Task: From the records below, copy every line that contains the word "noteq".

Information given:
(* W is increasing and convex on [0, mu). Jensen's inequality gives E[W(q Lambda)] >= W(q E[Lambda]);
   for q = 1 this is E[Lambda] <= lambda_bar, and at the shared-belief equilibrium, where
   E[W(q^S Lambda)] = W(xi(p)) unless q^S = 1, it gives q^S E[Lambda] <= xi(p). Comparing with
   q^C = min(xi(p)/lambda, 1) yields (i).
   For (ii), Rev^S(q) - Rev^C(q) = q lambda C (W(q lambda) - E[W(q Lambda)]), and W(q lambda) and
   E[W(q Lambda)] both equal 1/mu + s2/2 q (lambda resp. E[Lambda]) up to O(q^2), so for small q
   the sign is that of lambda - E[Lambda].
   The support hypotheses enter only through Lambda <= lambda_max < mu almost surely, and
   non-degeneracy only through E[Lambda] > 0, which makes q -> E[W(q Lambda)] strictly increasing,
   so that the THE in the definition of q^S picks the unique root. *)

lemma W_eq:
  assumes "mu \<noteq> 0" "y \<noteq> mu"
  shows "W s2 mu y = s2/2 * (mu^2 / (mu - y) - mu) + 1/mu"
proof -
  have "mu - y \<noteq> 0" using assms by simp
  have "1 - y / mu = (mu - y) / mu" using assms by (simp add: diff_divide_distrib)
  then have "s2 * y / (2 * (1 - y / mu)) = s2/2 * (mu * y / (mu - y))"
    using assms by simp
  also have "mu * y / (mu - y) = mu^2 / (mu - y) - mu"
    using \<open>mu - y \<noteq> 0\<close> by (simp add: field_simps power2_eq_square)
  finally show ?thesis by (simp add: W_def)
qed

lemma W_diff:
  assumes "mu \<noteq> 0" "y1 \<noteq> mu" "y2 \<noteq> mu"
  shows "W s2 mu y2 - W s2 mu y1 = s2/2 * mu^2 * (y2 - y1) / ((mu - y1) * (mu - y2))"
proof -
  have "mu - y1 \<noteq> 0" "mu - y2 \<noteq> 0" using assms by auto
  have "W s2 mu y2 - W s2 mu y1 = s2/2 * (mu^2 / (mu - y2) - mu^2 / (mu - y1))"
    using assms by (simp add: W_eq algebra_simps)
  also have "mu^2 / (mu - y2) - mu^2 / (mu - y1) = mu^2 * (y2 - y1) / ((mu - y1) * (mu - y2))"
    using \<open>mu - y1 \<noteq> 0\<close> \<open>mu - y2 \<noteq> 0\<close> by (simp add: field_simps)
  finally show ?thesis by simp
qed

lemma W_diff_ge:
  assumes "0 < mu" "0 \<le> y1" "y1 \<le> y2" "y2 < mu" "0 \<le> s2"
  shows "s2/2 * (y2 - y1) \<le> W s2 mu y2 - W s2 mu y1"
proof -
  have "(mu - y1) * (mu - y2) \<le> mu^2"
    using assms by (simp add: power2_eq_square mult_mono)
  then have "(y2 - y1) * ((mu - y1) * (mu - y2)) \<le> mu^2 * (y2 - y1)"
    using assms by (metis diff_ge_0_iff_ge mult.commute mult_left_mono)
  then have "y2 - y1 \<le> mu^2 * (y2 - y1) / ((mu - y1) * (mu - y2))"
    using assms by (simp add: pos_le_divide_eq)
  then have "s2/2 * (y2 - y1) \<le> s2/2 * (mu^2 * (y2 - y1) / ((mu - y1) * (mu - y2)))"
    using assms by (intro mult_left_mono) auto
  then show ?thesis
    using assms by (simp add: W_diff)
qed

lemma W_diff_le:
  assumes "0 < mu" "y1 \<le> y2" "y2 \<le> Y" "Y < mu" "0 \<le> s2"
  shows "W s2 mu y2 - W s2 mu y1 \<le> s2/2 * mu^2 / (mu - Y)^2 * (y2 - y1)"
proof -
  have "(mu - Y)^2 \<le> (mu - y1) * (mu - y2)"
    using assms by (simp add: power2_eq_square mult_mono)
  then have "s2/2 * mu^2 * (y2 - y1) / ((mu - y1) * (mu - y2)) \<le> s2/2 * mu^2 * (y2 - y1) / (mu - Y)^2"
    using assms by (intro divide_left_mono) auto
  then show ?thesis
    using assms by (simp add: W_diff)
qed

lemma strict_mono_on_W:
  assumes "0 < mu" "0 < s2"
  shows "strict_mono_on {0..<mu} (W s2 mu)"
proof (rule strict_mono_onI)
  fix y1 y2 assume y: "y1 \<in> {0..<mu}" "y2 \<in> {0..<mu}" "y1 < y2"
  have "s2/2 * (y2 - y1) \<le> W s2 mu y2 - W s2 mu y1"
    by (rule W_diff_ge) (use assms y in auto)
  moreover have "0 < s2/2 * (y2 - y1)" using assms y by simp
  ultimately show "W s2 mu y1 < W s2 mu y2" by linarith
qed

lemma W_ge_linear:
  assumes "0 < mu" "0 \<le> y" "y < mu" "0 \<le> s2"
  shows "s2/2 * y + 1/mu \<le> W s2 mu y"
  using W_diff_ge[of mu 0 y s2] assms by (simp add: W_def)

lemma W_le_quadratic:
  assumes "0 < mu" "0 \<le> y" "y \<le> Y" "Y < mu" "0 \<le> s2"
  shows "W s2 mu y \<le> s2/2 * (y + y^2 / (mu - Y)) + 1/mu"
proof -
  have "W s2 mu y = s2/2 * (y + y^2 / (mu - y)) + 1/mu"
    using assms by (simp add: W_eq field_simps power2_eq_square)
  moreover have "y^2 / (mu - y) \<le> y^2 / (mu - Y)"
    using assms by (intro divide_left_mono) auto
  ultimately show ?thesis
    using assms by (simp add: mult_left_mono)
qed

lemma W_mult_le_quadratic:
  assumes "0 < mu" "0 \<le> s2" "0 \<le> q" "q \<le> 1" "0 \<le> x" "x \<le> Y" "Y < mu"
  shows "W s2 mu (q * x) \<le> s2/2 * (q * x + q^2 * (Y^2 / (mu - Y))) + 1/mu"
proof -
  have "q * x \<le> Y" using assms by (meson mult_left_le_one_le order_trans)
  then have "W s2 mu (q * x) \<le> s2/2 * (q * x + (q * x)^2 / (mu - Y)) + 1/mu"
    using assms by (intro W_le_quadratic) auto
  also have "(q * x)^2 / (mu - Y) \<le> q^2 * (Y^2 / (mu - Y))"
    using assms by (simp add: power_mult_distrib divide_right_mono mult_left_mono power_mono)
  finally show ?thesis
    using assms by (simp add: mult_left_mono)
qed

Answer section:
  assumes "mu \<noteq> 0" "y \<noteq> mu"
  have "mu - y \<noteq> 0" using assms by simp
    using \<open>mu - y \<noteq> 0\<close> by (simp add: field_simps power2_eq_square)
  assumes "mu \<noteq> 0" "y1 \<noteq> mu" "y2 \<noteq> mu"
  have "mu - y1 \<noteq> 0" "mu - y2 \<noteq> 0" using assms by auto
    using \<open>mu - y1 \<noteq> 0\<close> \<open>mu - y2 \<noteq> 0\<close> by (simp add: field_simps)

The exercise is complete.